South Africa’s largest coal producer-Exxaro Resources, has started work on one of the last substantial coal deposits remaining in the 100-year-old Mpumalanga coalfields.
The coal company has announced the establishment of its R3.3 Billion Belfast Implementation Project (BIP) in Mpumalanga during a sod-turning event.
The Belfast mine will be able to produce 2.7 MnT of good-quality thermal coal per annum for at least the next 17 years, starting in 2020, in the first phase of development. The company also foresees a potential for second-phase, depending on market conditions, which could take the life of mine to 30 years.
Apart from generating 6000 direct and indirect jobs during its construction and life, the coal mine is also the first of its kind in South Africa to have ‘digital twin’.
The ‘digital twin’ is a complete digital replica of the mine which will allow management and the contracted company to connect to and manage it from anywhere and the maintenance teams will be connected to certain machinery to analyse and pick up problems early – resulting in increased safety and reduced downtime.
While most of Belfast’s coal will be destined for export markets, for which Exxaro has sufficient allocation at Richards Bay Coal Terminal (RBCT), about 500,000 MT could also be sold in the local market.
Commenting on the prospect of possible destination of the coal, an official from Exxaro has said the coal could be sold to Eskom, if Eskom were to put out a tender for it. The closest power station is Arnot, to which the coal could be trucked. But it depends on Eskom’s requirements. If the coal is not sold locally, it would be exported as well, he added.
Belfast will produce a higher quality, clean-burning thermal coal for which there is quite a lot of demand as it has relatively low Sox and Nox emissions.
South African coal prices have witness upsurge on account of the prevailing supply tightness this year. Exxaro has said in its ‘pre-close’ message for the half year period, that API-4 index for coal which is currently hovering around USD 100 mark, is expected to remain at this level for the current year.

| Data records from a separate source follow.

lemma path_tail_bound:
  assumes s1: "s \<ge> 1" and h: "h \<ge> 1"
  shows "real (card {x \<in> dyck_X s k. Max (x ` {0..2 * s}) \<ge> 4 * int h + 2})
     \<le> 2 * tail_factor s h * real (card (dyck_X s k))"
proof -
  have bij: "bij_betw (encode s) (dyck_X s k) (ballot_words s k)" by (rule encode_bij[OF s1])
  have "card {x \<in> dyck_X s k. Max (x ` {0..2 * s}) \<ge> 4 * int h + 2}
      \<le> card {w \<in> ballot_words s k. \<exists>t<s. psum w t \<ge> 2 * int h}"
  proof (rule card_inj_on_le)
    show "inj_on (encode s) {x \<in> dyck_X s k. Max (x ` {0..2 * s}) \<ge> 4 * int h + 2}"
      using bij unfolding bij_betw_def by (rule inj_on_subset[OF conjunct1]) auto
    show "encode s ` {x \<in> dyck_X s k. Max (x ` {0..2 * s}) \<ge> 4 * int h + 2}
            \<subseteq> {w \<in> ballot_words s k. \<exists>t<s. psum w t \<ge> 2 * int h}"
    proof clarify
      fix x assume x: "x \<in> dyck_X s k" "Max (x ` {0..2 * s}) \<ge> 4 * int h + 2"
      then have "\<exists>t<s. psum (encode s x) t \<ge> 2 * int h"
        using high_path_high_code[OF _ s1, of x "2 * int h"] by (simp add: dyck_X_def)
      moreover have "encode s x \<in> ballot_words s k" using x bij by (auto simp: bij_betw_def)
      ultimately show "encode s x \<in> ballot_words s k \<and> (\<exists>t<s. 2 * int h \<le> psum (encode s x) t)"
        by simp
    qed
  qed (simp add: finite_ballot_words)
  then have "real (card {x \<in> dyck_X s k. Max (x ` {0..2 * s}) \<ge> 4 * int h + 2})
      \<le> real (card {w \<in> ballot_words s k. \<exists>t<s. psum w t \<ge> 2 * int h})" by simp
  also have "\<dots> \<le> 2 * tail_factor s h * real (card (ballot_words s k))"
    by (rule high_ballot_card[OF s1 h])
  also have "card (ballot_words s k) = card (dyck_X s k)" using bij_betw_same_card[OF bij] by simp
  finally show ?thesis .
qed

South African Coal Offers:
South African coal index API-4 increased by USD 3-4/MT from the previous week, was assessed at USD 107.9 as on 12 Jul’18. Market participants have cited the export tender from Tai power behind the reason for the rise in coal index.
Discount for 5500 NAR coal has been raised from USD 8-8.5/MT to USD 9.5-10/MT, while discount for 4800 NAR coal was USD 18/MT.
Prevailing offer for 5500 NAR coal was assessed at USD 90-91/MT, FoB Richards Bay, while 4800 NAR coal was offered at USD 71-72/MT, FoB Richards Bay.